In some example embodiments, a registration member 40A-40F does not assume a fixed position, but rather, can be repositioned as required. For example, the repositioning of a registration member 40A-40F can include moving the registration member 40A-40F to a location suitable for contact with an edge of a printing plate 24. In one example embodiment, a registration member 40A-40F can be repositionable between a first position which is recessed below a support surface and a second position where the registration member 40A-40F protrudes from the support surface sufficiently to accommodate the desired contact with an edge of a printing plate 24. The repositioning of a registration member 40A-40F can include moving a surface of the registration member 40A-40F to a location suitable for contact with an edge of a printing plate 24. For example, a registration member 40A-40F can include a cam-like surface wherein a portion of the surface is positioned for contact with an edge of a printing plate 24 when the registration member 40A-40F is rotated about an axis of the cam-like surface.

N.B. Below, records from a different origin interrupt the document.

(* Consider a system of $k$ parallel $M/M/1$ queues, each with finite capacity $C'$, arrival rate $\mu$ and service rate $\lambda$ per server, where arriving customers join a queue of currently shortest length and are turned away if all queues are full. Let $\epsilon_{n_1, \ldots, n_k}$ be the steady-state probability that there are $n_i$ people in queue $i$ for $i \in \{1, \ldots, k\}$, and let $\zeta_{m_0, m_1, \ldots, m_{C'}}$ be the steady-state probability that there are $m_j$ queues with exactly $j$ customers, for $j \in \{0, 1, \ldots, C'\}$, so that $$\epsilon_{n_1, \ldots, n_k} = \frac{1}{\binom{k}{m_0, \ldots, m_{C'}}} \zeta_{m_0, \ldots, m_{C'}}$$ if $m_j = \sum_{i = 1}^k \mathbf{1}\{n_i = j \}$ for all $j \in \{0, \ldots, C'\}$. Then the $\zeta$ steady-state probabilities satisfy $$\Big(\mathbf{1}\{m_{C'} < k\}\frac{\mu}{\lambda} + (k - m_0) \Big) \zeta_{m_0, m_1, \ldots, m_{C'}} = \sum_{i = 1}^{C'} (m_i + 1) \zeta_{m_0, \ldots, m_{i-2}, m_{i-1} - 1, m_i + 1, \ldots, m_{C'}} + \frac{\mu}{\lambda} \big[\zeta_{m_0 + 1, m_1 - 1, m_2, \ldots, m_{C'}} + \zeta_{0, m_1 + 1, m_2 - 1, \ldots, m_{C'}} + \cdots + \zeta_{0, \ldots, 0, m_{C'-1} + 1, m_{C'} - 1} \big],$$ with $\zeta_{m_0, \ldots, m_{C'}} = 0$ unless $\sum_{j = 0}^{C'} m_j = k$ and $m_j \in \{0, \ldots, k\}$ for all $j$.
   Context: $\binom{k}{m_0,\ldots,m_{C'}}=\frac{k!}{m_0!\cdots m_{C'}!}$ is the multinomial coefficient. The capacity $C'$ of each queue includes the customer being served. Arrivals form a Poisson process of rate $\mu$; each server has exponential service times with rate $\lambda$. *)

theory Defs
  imports Complex_Main
begin

definition jsq_states :: "nat \<Rightarrow> nat \<Rightarrow> (nat \<Rightarrow> nat) set" where
  "jsq_states k C = {n. (\<forall>i<k. n i \<le> C) \<and> (\<forall>i\<ge>k. n i = 0)}"

definition jsq_minlen :: "nat \<Rightarrow> (nat \<Rightarrow> nat) \<Rightarrow> nat" where
  "jsq_minlen k n = Min (n ` {..<k})"

definition jsq_rate :: "nat \<Rightarrow> nat \<Rightarrow> real \<Rightarrow> real \<Rightarrow> (nat \<Rightarrow> nat) \<Rightarrow> (nat \<Rightarrow> nat) \<Rightarrow> real" where
  "jsq_rate k C mu lam n n' =
     (\<Sum>i<k. (if 0 < n i \<and> n' = n(i := n i - 1) then lam else 0)
           + (if n i < C \<and> n i = jsq_minlen k n \<and> n' = n(i := n i + 1)
              then mu / real (card {j. j < k \<and> n j = jsq_minlen k n}) else 0))"

definition jsq_stationary :: "nat \<Rightarrow> nat \<Rightarrow> real \<Rightarrow> real \<Rightarrow> ((nat \<Rightarrow> nat) \<Rightarrow> real) \<Rightarrow> bool" where
  "jsq_stationary k C mu lam eps \<longleftrightarrow>
     (\<forall>n\<in>jsq_states k C. 0 \<le> eps n) \<and>
     (\<Sum>n\<in>jsq_states k C. eps n) = 1 \<and>
     (\<forall>n\<in>jsq_states k C.
        eps n * (\<Sum>n'\<in>jsq_states k C - {n}. jsq_rate k C mu lam n n')
        = (\<Sum>n'\<in>jsq_states k C - {n}. eps n' * jsq_rate k C mu lam n' n))"

definition jsq_count :: "nat \<Rightarrow> (nat \<Rightarrow> nat) \<Rightarrow> nat \<Rightarrow> nat" where
  "jsq_count k n j = card {i. i < k \<and> n i = j}"

text \<open>Indices m are integer-valued (so that m j - 1 may be negative, in which case
  zeta vanishes); values m j for j > C are irrelevant.\<close>
definition jsq_zeta :: "nat \<Rightarrow> nat \<Rightarrow> ((nat \<Rightarrow> nat) \<Rightarrow> real) \<Rightarrow> (nat \<Rightarrow> int) \<Rightarrow> real" where
  "jsq_zeta k C eps m =
     (\<Sum>n\<in>jsq_states k C. if (\<forall>j\<le>C. int (jsq_count k n j) = m j) then eps n else 0)"

end

theory Submission
  imports Defs
begin

text \<open>Sum the global balance equations over all states with occupancy profile m. Every such
  state is left at the same total rate lam (k - m 0) + mu [m C < k], so the outflow is this rate
  times zeta m. A state enters the class by a departure from a queue of length v exactly when its
  profile is m with one queue moved from level v - 1 back to level v; it has m v + 1 such queues,
  each served at rate lam. It enters by an arrival exactly when its shortest queues have some
  length j - 1 and its profile is m with one queue moved from level j back to level j - 1; since
  every shortest queue leads to the same profile, the arrival happens at total rate mu however
  ties are broken. Dividing by lam gives the recursion.\<close>

definition has_profile :: "nat \<Rightarrow> nat \<Rightarrow> (nat \<Rightarrow> int) \<Rightarrow> (nat \<Rightarrow> nat) \<Rightarrow> bool" where
  "has_profile k C m n \<longleftrightarrow> (\<forall>j\<le>C. int (jsq_count k n j) = m j)"

definition departure_source :: "(nat \<Rightarrow> int) \<Rightarrow> nat \<Rightarrow> nat \<Rightarrow> int" where
  "departure_source m v = m(v - 1 := m (v - 1) - 1, v := m v + 1)"

text \<open>An arrival joins a shortest queue; if that queue had length j - 1, no queue was shorter,
  hence the zero entries below j - 1.\<close>

definition arrival_source :: "(nat \<Rightarrow> int) \<Rightarrow> nat \<Rightarrow> nat \<Rightarrow> int" where
  "arrival_source m j =
     (\<lambda>l. if l < j - 1 then 0 else if l = j - 1 then m l + 1 else if l = j then m l - 1 else m l)"

lemma balance_sum_subset:
  fixes q :: "'s \<Rightarrow> 's \<Rightarrow> real"
  assumes "finite S" and "A \<subseteq> S"
    and balance: "\<And>n. n \<in> S \<Longrightarrow> p n * (\<Sum>n'\<in>S - {n}. q n n') = (\<Sum>n'\<in>S - {n}. p n' * q n' n)"
  shows "(\<Sum>n\<in>A. p n * (\<Sum>n'\<in>S - {n}. q n n')) = (\<Sum>x\<in>S. p x * (\<Sum>n\<in>A - {x}. q x n))"
proof -
  have "(\<Sum>n\<in>A. p n * (\<Sum>n'\<in>S - {n}. q n n')) = (\<Sum>n\<in>A. \<Sum>x\<in>S - {n}. p x * q x n)"
    using assms(2) by (intro sum.cong refl balance) blast
  also have "\<dots> = (\<Sum>n\<in>A. \<Sum>x\<in>{x. x \<in> S \<and> x \<noteq> n}. p x * q x n)"
    by (simp only: set_diff_eq singleton_iff)
  also have "\<dots> = (\<Sum>x\<in>S. \<Sum>n\<in>{n. n \<in> A \<and> x \<noteq> n}. p x * q x n)"
    using finite_subset[OF assms(2,1)] assms(1) by (rule sum.swap_restrict)
  also have "\<dots> = (\<Sum>x\<in>S. p x * (\<Sum>n\<in>A - {x}. q x n))"
    by (simp only: sum_distrib_left set_diff_eq singleton_iff eq_commute)
  finally show ?thesis .
qed

lemma finite_jsq_states: "finite (jsq_states k C)"
proof -
  have "jsq_states k C = {n. \<forall>i. (i \<in> {..<k} \<longrightarrow> n i \<in> {..C}) \<and> (i \<notin> {..<k} \<longrightarrow> n i = 0)}"
    unfolding jsq_states_def lessThan_iff atMost_iff not_less all_conj_distrib ..
  also have "finite \<dots>"
    by (intro finite_set_of_finite_funs finite_atMost finite_lessThan)
  finally show ?thesis .
qed

lemma fun_upd_in_jsq_states:
  assumes "n \<in> jsq_states k C" and "i < k" and "w \<le> C" and "w \<noteq> n i"
  shows "n(i := w) \<in> jsq_states k C - {n}"
  using assms by (auto simp: jsq_states_def fun_upd_idem_iff)

lemma int_jsq_count: "int (jsq_count k n l) = (\<Sum>i<k. of_bool (n i = l))"
  by (simp add: jsq_count_def sum.If_cases Int_def)

lemma int_jsq_count_fun_upd:
  assumes "i < k"
  shows "int (jsq_count k (n(i := w)) l) = int (jsq_count k n l) - of_bool (n i = l) + of_bool (w = l)"
proof -
  have "(\<Sum>i'\<in>{..<k} - {i}. of_bool ((n(i := w)) i' = l)) = (\<Sum>i'\<in>{..<k} - {i}. (of_bool (n i' = l) :: int))"
    by (rule sum.cong) auto
  then show ?thesis
    using assms by (simp only: int_jsq_count sum.remove[OF finite_lessThan, of i] lessThan_iff fun_upd_same)
qed

lemma sum_jsq_count:
  assumes "n \<in> jsq_states k C"
  shows "(\<Sum>l\<le>C. int (jsq_count k n l)) = int k"
proof -
  have "(\<Sum>l\<le>C. int (jsq_count k n l)) = (\<Sum>i<k. \<Sum>l\<le>C. of_bool (n i = l))"
    by (simp only: int_jsq_count sum.swap[of _ "{..C}"])
  also have "\<dots> = (\<Sum>i<k. 1)"
    using assms by (intro sum.cong) (auto simp: jsq_states_def)
  finally show ?thesis by simp
qed

lemma has_profile_fun_upd_iff:
  assumes "i < k"
  shows "has_profile k C m (n(i := w)) \<longleftrightarrow>
    (\<forall>l\<le>C. int (jsq_count k n l) - of_bool (n i = l) + of_bool (w = l) = m l)"
  using assms by (simp add: has_profile_def int_jsq_count_fun_upd)

lemma sum_if_const_lessThan:
  "(\<Sum>i<k. if P i then c else 0) = real (card {i. i < (k::nat) \<and> P i}) * (c :: real)"
  by (simp add: sum.If_cases Int_def)

lemma jsq_minlen_attained: "0 < k \<Longrightarrow> \<exists>i<k. n i = jsq_minlen k n"
proof -
  assume "0 < k"
  then have "jsq_minlen k n \<in> n ` {..<k}"
    unfolding jsq_minlen_def by (intro Min_in) auto
  then show ?thesis
    by auto
qed

lemma jsq_minlen_le: "i < k \<Longrightarrow> jsq_minlen k n \<le> n i"
  unfolding jsq_minlen_def by (intro Min_le) auto

lemma jsq_minlen_less_iff:
  assumes n: "n \<in> jsq_states k C" and k: "0 < k"
  shows "jsq_minlen k n < C \<longleftrightarrow> jsq_count k n C < k"
proof -
  let ?full = "{i. i < k \<and> n i = C}"
  have "jsq_minlen k n < C \<longleftrightarrow> (\<exists>i<k. n i < C)"
    using jsq_minlen_attained[OF k, of n] jsq_minlen_le[of _ k n] by (metis le_less_trans)
  also have "\<dots> \<longleftrightarrow> ?full \<noteq> {..<k}"
    using n by (auto simp: jsq_states_def order.order_iff_strict)
  also have "\<dots> \<longleftrightarrow> card ?full < card {..<k}"
    by (metis (no_types, lifting) card_subset_eq finite_lessThan lessThan_iff mem_Collect_eq
        psubset_card_mono psubsetI subsetI less_irrefl)
  finally show ?thesis
    by (simp add: jsq_count_def)
qed

lemma sum_delta_guarded:
  assumes "finite S" and "P \<Longrightarrow> t \<in> S"
  shows "(\<Sum>x\<in>S. if t = x then (if P \<and> Q x then c else 0) else 0) = (if P \<and> Q t then c else 0)"
  using assms by (cases P) simp_all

FIG. 5 schematically shows a plan view of plate positioning system 64. In this example embodiment, positioning system 64 includes a wiffle-tree mechanism 65. Wiffle-tree mechanisms can be employed to distribute forces in a substantially even manner. A common waffle-tree mechanism is employed in an automotive windscreen wiper to distribute the loading from the wiper arm evenly along the wiper blade. In this example embodiment, wiffle-tree mechanism 65 includes a first member 50 and plurality of second members, including second member 53A and second member 53B. In this example embodiment, first member 50 is an elongate member adapted to pivot about a first pivot point 51. A drive 70 is provided to move plate positioning system 64 towards the plurality of registration members 40A-40F. In this example embodiment drive 70 is coupled to first member 50 and is adapted to translate first member 50 towards the plurality of registration members 40A-40F. In this example embodiment of the invention, drive 70 is adapted for providing a motive force oriented along a direction that intersect first pivot 51. Drive 70 can include any suitable electric motors or actuators, transmission members, guides and positional sensors. In this example embodiment, drive 70 is adapted for moving plate positioning system 64 to various locations on a path of travel towards registration members 40A-40F. In this example embodiment, drive 70 is adapted for incrementing plate positioning system 64 towards registration members 40A-40F.

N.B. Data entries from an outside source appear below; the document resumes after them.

lemma bounded_linear_on_C_partition_approx:
  assumes L: "bounded_linear_on_C L M" and pou: "partition_of_unity D \<delta> A \<phi>"
    and "continuous_on UNIV u" "0 \<le> B" "\<And>a c. \<bar>u a - u c\<bar> \<le> B * D c a"
  shows "\<bar>L u - (\<Sum>c\<in>A. u c * L (\<phi> c))\<bar> \<le> M * (B * \<delta>)"
proof -
  have fin: "finite A" and cont: "\<And>c. c \<in> A \<Longrightarrow> continuous_on UNIV (\<phi> c)"
    using pou by (auto simp: partition_of_unity_def)
  then have "continuous_on UNIV (\<lambda>a. \<Sum>c\<in>A. u c * \<phi> c a)"
    by (intro continuous_on_sum continuous_on_mult continuous_on_const) auto
  then have "L u - (\<Sum>c\<in>A. u c * L (\<phi> c)) = L (\<lambda>a. u a - (\<Sum>c\<in>A. u c * \<phi> c a))"
    using bounded_linear_on_C_diff[OF L assms(3)] bounded_linear_on_C_sum[OF L fin cont] by simp
  also have "\<bar>\<dots>\<bar> \<le> M * (B * \<delta>)"
    using assms(3-5) \<open>continuous_on UNIV (\<lambda>a. \<Sum>c\<in>A. u c * \<phi> c a)\<close>
    by (intro bounded_linear_on_C_bound[OF L] continuous_on_diff partition_of_unity_approx[OF pou])
  finally show ?thesis .
qed

lemma C0_functions_compact:
  "compact (UNIV :: 'a::topological_space set) \<Longrightarrow> C0_functions = {g :: 'a \<Rightarrow> real. continuous_on UNIV g}"
  unfolding C0_functions_def by auto
lemma maxmin_measure_Max_insert:
  assumes "finite G" "\<And>g. g \<in> G \<Longrightarrow> continuous_on A (f g)"
  shows "\<mu> (restr A (\<lambda>x. Max (insert c ((\<lambda>g. f g x) ` G))))
    = Max (insert c ((\<lambda>g. \<mu> (restr A (f g))) ` G))"
  using assms
proof (induction G rule: finite_induct)
  case empty
  then show ?case by (simp add: maxmin_measure_const)
next
  case (insert a G)
  have cont: "continuous_on A (\<lambda>x. Max (insert c ((\<lambda>g. f g x) ` G)))"
    using insert by (intro continuous_on_Max_insert) auto
  have "\<mu> (restr A (\<lambda>x. Max (insert c ((\<lambda>g. f g x) ` insert a G))))
      = \<mu> (restr A (\<lambda>x. max (f a x) (Max (insert c ((\<lambda>g. f g x) ` G)))))"
    using insert.hyps(1) by (simp only: Max_insert_image_insert)
  also have "\<dots> = max (\<mu> (restr A (f a))) (\<mu> (restr A (\<lambda>x. Max (insert c ((\<lambda>g. f g x) ` G)))))"
    using insert.prems cont by (intro maxmin_measure_max) auto
  also have "\<dots> = Max (insert c ((\<lambda>g. \<mu> (restr A (f g))) ` insert a G))"
    using insert by (simp only: Max_insert_image_insert) auto
  finally show ?case .
qed

lemma maxmin_measure_less_if_min_le_max:
  assumes "continuous_on A \<phi>" "continuous_on A \<psi>" "l < r" "\<mu> (restr A \<phi>) < r"
    and "\<And>x. x \<in> A \<Longrightarrow> min r (\<psi> x) \<le> max l (\<phi> x)"
  shows "\<mu> (restr A \<psi>) < r"
proof -
  have "min r (\<mu> (restr A \<psi>)) = \<mu> (restr A (\<lambda>x. min r (\<psi> x)))"
    using maxmin_measure_min[OF assms(2)] by simp
  also have "\<dots> \<le> \<mu> (restr A (\<lambda>x. max l (\<phi> x)))"
    using assms by (intro maxmin_measure_mono continuous_intros) auto
  also have "\<dots> = max l (\<mu> (restr A \<phi>))"
    using maxmin_measure_max[of "\<lambda>_. l" \<phi>] assms(1) by (simp add: maxmin_measure_const)
  finally show ?thesis
    using assms(3,4) by linarith
qed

As shown in FIG. 5, each of second members 53A, 53B is pivotally coupled to first member 50. In some example embodiment, a second member is pivotally coupled to first member 50 via a fixed second pivot. In this example embodiment, each of the second members 53A, 53B is pivotally coupled to first member 50 via a “virtual” second pivot, i.e. shown as second pivot points 55A and 55B, each represented by a “+”. Each second member 53A, 53B is adapted to pivot about an associated second pivot point 55A, 55B via pin members 56 and guide slots 57. In this example embodiment, pin members 56 secure each second member 53A, 53B to first member 50 in manner that permits relative movement between the first and second members via guide slots 57.

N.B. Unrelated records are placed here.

lemma mass_Suc_bounds:
  assumes "k \<le> gridN T h" "\<And>j. 0 \<le> mass \<mu> k j \<and> mass \<mu> k j \<le> M"
  shows "0 \<le> mass \<mu> (Suc k) i \<and> mass \<mu> (Suc k) i \<le> growth * M"
proof -
  define s where "s = sqrt h * \<sigma> (real k * h)"
  define \<Psi>p where "\<Psi>p j = of_int j * \<rho> - h * grad \<mu> k (of_int j * \<rho>) + s" for j
  define \<Psi>m where "\<Psi>m j = of_int j * \<rho> - h * grad \<mu> k (of_int j * \<rho>) + - s" for j
  have "real k * h \<le> real (gridN T h) * h"
    using assms(1) step_pos by (intro mult_right_mono) auto
  then have "real k * h \<in> {0..T}"
    using grid_exact step_pos by simp
  then have s: "\<bar>s\<bar> \<le> sqrt h * S\<sigma>" "\<bar>- s\<bar> \<le> sqrt h * S\<sigma>"
    unfolding s_def using \<sigma>_bound step_pos by (simp_all add: abs_mult mult_left_mono)
  note grad = grad_bounds[OF assms(1)]
  have "mass \<mu> (Suc k) i = (1 / 2) * infsum (\<lambda>j. (hat \<rho> i (\<Psi>p j) + hat \<rho> i (\<Psi>m j)) * mass \<mu> k j) UNIV"
    unfolding \<Psi>p_def \<Psi>m_def s_def fp.simps Let_def by simp
  also have "0 \<le> \<dots> \<and> \<dots> \<le> growth * M"
  proof (rule transport_step_bounds[OF mesh_pos assms(2)])
    show "\<bar>\<Psi>p j - of_int j * \<rho>\<bar> \<le> drift" for j
      unfolding \<Psi>p_def using grad(1) s(1) by (rule characteristic_drift_le)
    show "\<bar>\<Psi>m j - of_int j * \<rho>\<bar> \<le> drift" for j
      unfolding \<Psi>m_def using grad(1) s(2) by (rule characteristic_drift_le)
    show "(\<Sum>j\<in>J. hat \<rho> i (\<Psi>p j)) \<le> growth" if "finite J" for J
      unfolding \<Psi>p_def using grad(1) grad(2) s(1) that by (rule sum_hat_characteristic_le)
    show "(\<Sum>j\<in>J. hat \<rho> i (\<Psi>m j)) \<le> growth" if "finite J" for J
      unfolding \<Psi>m_def using grad(1) grad(2) s(2) that by (rule sum_hat_characteristic_le)
  qed
  finally show ?thesis .
qed

lemma mass_bounds: "k \<le> gridN T h + 1 \<Longrightarrow> 0 \<le> mass \<mu> k i \<and> mass \<mu> k i \<le> growth ^ k * (\<rho> * B0)"
proof (induction k arbitrary: i)
  case 0
  have "measure m0 {of_int i * \<rho> - \<rho> / 2 .. of_int i * \<rho> + \<rho> / 2}
      \<le> B0 * ((of_int i * \<rho> + \<rho> / 2) - (of_int i * \<rho> - \<rho> / 2))"
    by (rule measure_density_interval_le[OF m0_density f0_measurable f0_bound B0_nonneg])
      (use mesh_pos in simp)
  then show ?case
    by (simp add: mult.commute)
next
  case (Suc k)
  then show ?case
    using mass_Suc_bounds[of k "growth ^ k * (\<rho> * B0)" i] by (simp add: mult.assoc)
qed

lemma abs_dens_grid_le:
  assumes "k \<le> gridN T h + 1"
  shows "\<bar>dens_grid \<phi> \<epsilon> \<rho> h T \<sigma> F G m0 \<mu> k x\<bar> \<le> density_bound"
proof -
  have "growth ^ k * (\<rho> * B0) \<le> growth ^ (gridN T h + 1) * (\<rho> * B0)"
    using growth_ge_1 assms mesh_pos B0_nonneg by (intro mult_right_mono power_increasing) auto
  then have "0 \<le> mass \<mu> k i \<and> mass \<mu> k i \<le> growth ^ (gridN T h + 1) * (\<rho> * B0)" for i
    using mass_bounds[OF assms, of i] by linarith
  from sum_cells_bounds[where f = "mass \<mu> k", OF mesh_pos this]
  show ?thesis
    unfolding dens_grid_def density_bound_def using mesh_pos
    by (simp add: abs_mult field_simps)
qed

lemma abs_dens_le:
  assumes t: "t \<in> {0..T}"
  shows "\<bar>dens \<phi> \<epsilon> \<rho> h T \<sigma> F G m0 \<mu> t x\<bar> \<le> density_bound"
proof -
  define k where "k = nat \<lfloor>t / h\<rfloor>"
  have "0 \<le> t / h"
    using t step_pos by simp
  then have k: "real k \<le> t / h" "t / h < real k + 1"
    unfolding k_def by linarith+
  moreover have "t \<le> real (gridN T h) * h"
    using t grid_exact by simp
  then have "t / h \<le> real (gridN T h)"
    using step_pos by (simp add: pos_divide_le_eq)
  ultimately have "k \<le> gridN T h"
    by linarith
  define a where "a = (real (Suc k) * h - t) / h"
  have "0 \<le> a" "a \<le> 1"
    unfolding a_def using k step_pos by (simp_all add: field_simps)
  moreover have "(t - real k * h) / h = 1 - a"
    unfolding a_def using step_pos by (simp add: field_simps)
  ultimately show ?thesis
    unfolding dens_def k_def[symmetric] Let_def a_def[symmetric]
    using \<open>k \<le> gridN T h\<close> by (simp add: abs_convex_comb_le abs_dens_grid_le)
qed

end

lemma density_bound_le_exp:
  assumes "K * (1 + T) * h \<le> 1 / 3"
  shows "density_bound \<le> 3 * exp (2 * K * (1 + T) * T + 1) * B0"
proof -
  define c where "c = 2 * K * (1 + T) * h"
  have "0 \<le> c" "c \<le> 1"
    unfolding c_def using assms K_nonneg horizon_nonneg step_pos by simp_all
  have "growth ^ (gridN T h + 1) = (1 + c) ^ (gridN T h + 1)"
    unfolding growth_def c_def using assms by simp
  also have "\<dots> \<le> exp c ^ (gridN T h + 1)"
    using \<open>0 \<le> c\<close> by (intro power_mono exp_ge_add_one_self) simp
  also have "\<dots> = exp (2 * K * (1 + T) * (real (gridN T h) * h) + c)"
    unfolding c_def by (simp flip: exp_of_nat_mult exp_add add: algebra_simps)
  also have "\<dots> \<le> exp (2 * K * (1 + T) * T + 1)"
    using \<open>c \<le> 1\<close> grid_exact by simp
  finally show ?thesis
    unfolding density_bound_def using B0_nonneg by (simp add: mult_right_mono)
qed

end


lemma gridN_mult_eq:
  assumes "0 < h" "T / h \<in> \<nat>"
  shows "real (gridN T h) * h = T"
proof -
  obtain m where m: "T / h = of_nat m"
    using assms(2) by (auto elim: Nats_cases)
  then have "gridN T h = m"
    unfolding gridN_def by simp
  then show ?thesis
    using m assms(1) by (simp add: divide_eq_eq)
qed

Each of the second members 53A, 53B includes various elements adapted for engaging a surface or edge of an associated one of printing plate 24A and 24B during a positioning of the printing plates. In this example embodiment, each second member 53A, 53B includes various gripping elements 58 that are adapted for securing an associated one of printing plate 24A and 24B. Suitable gripping elements 58 can include suction/vacuum cups or mechanical grippers or clamps by way of non-limiting example. In this example embodiment, the gripping elements 58 are adapted to engage an associated one of printing plate 24A and 24B to move the printing plate in a desired manner. Movement of one of printing plate 24A and 24B can include translation of the printing plate under the influence of drive 70. Movement of one of printing plate 24A and 24B can include a pivoting movement of the printing plate under the influence of an actuator 72A, 72B coupled to each second member 53A, 53B. In this example embodiment, actuator 72A is coupled to second member 53A and actuator 72B is coupled to second member 53B.

Each actuator 72A, 72B is coupled to a second member 53A, 53B in manner suitable for pivoting the second member 53A, 53B about its associated second pivot point 55. Each actuator 72A, 72B is controllable to selectively apply a force along a desired direction to an associated second member 53A, 53B. In this example embodiment, each actuator 72A, 72B comprises a double acting cylinder, i.e. a respective one of double acting cylinders 73A and 73B, capable of both extending and retracting an actuating member (i.e. the cylinder rod in this example). In this example embodiment, each cylinder 73A, 73B employs air as a working fluid although other fluids may be employed in other example embodiments. In this example embodiment, the working fluid is selectively provided to a desired one of chamber 74A and 74B of cylinder 73A via a three-way valve 76A. In this example embodiment, the working fluid is selectively provided to a desired one of chamber 75A and 75B of cylinder 73B via a three-way valve 76B. The working fluid is provided to each of valves 76A and 76B from a source 77. The pressure of the working fluid provided to each of cylinders 73A and 73B is controlled respectively by analog pressure regulators 78A and 78B. In this example embodiment each actuator 72A, 72B is independently controllable. Without limitation, other example embodiments of the invention can employ other suitable forms of actuators 72A, 72B.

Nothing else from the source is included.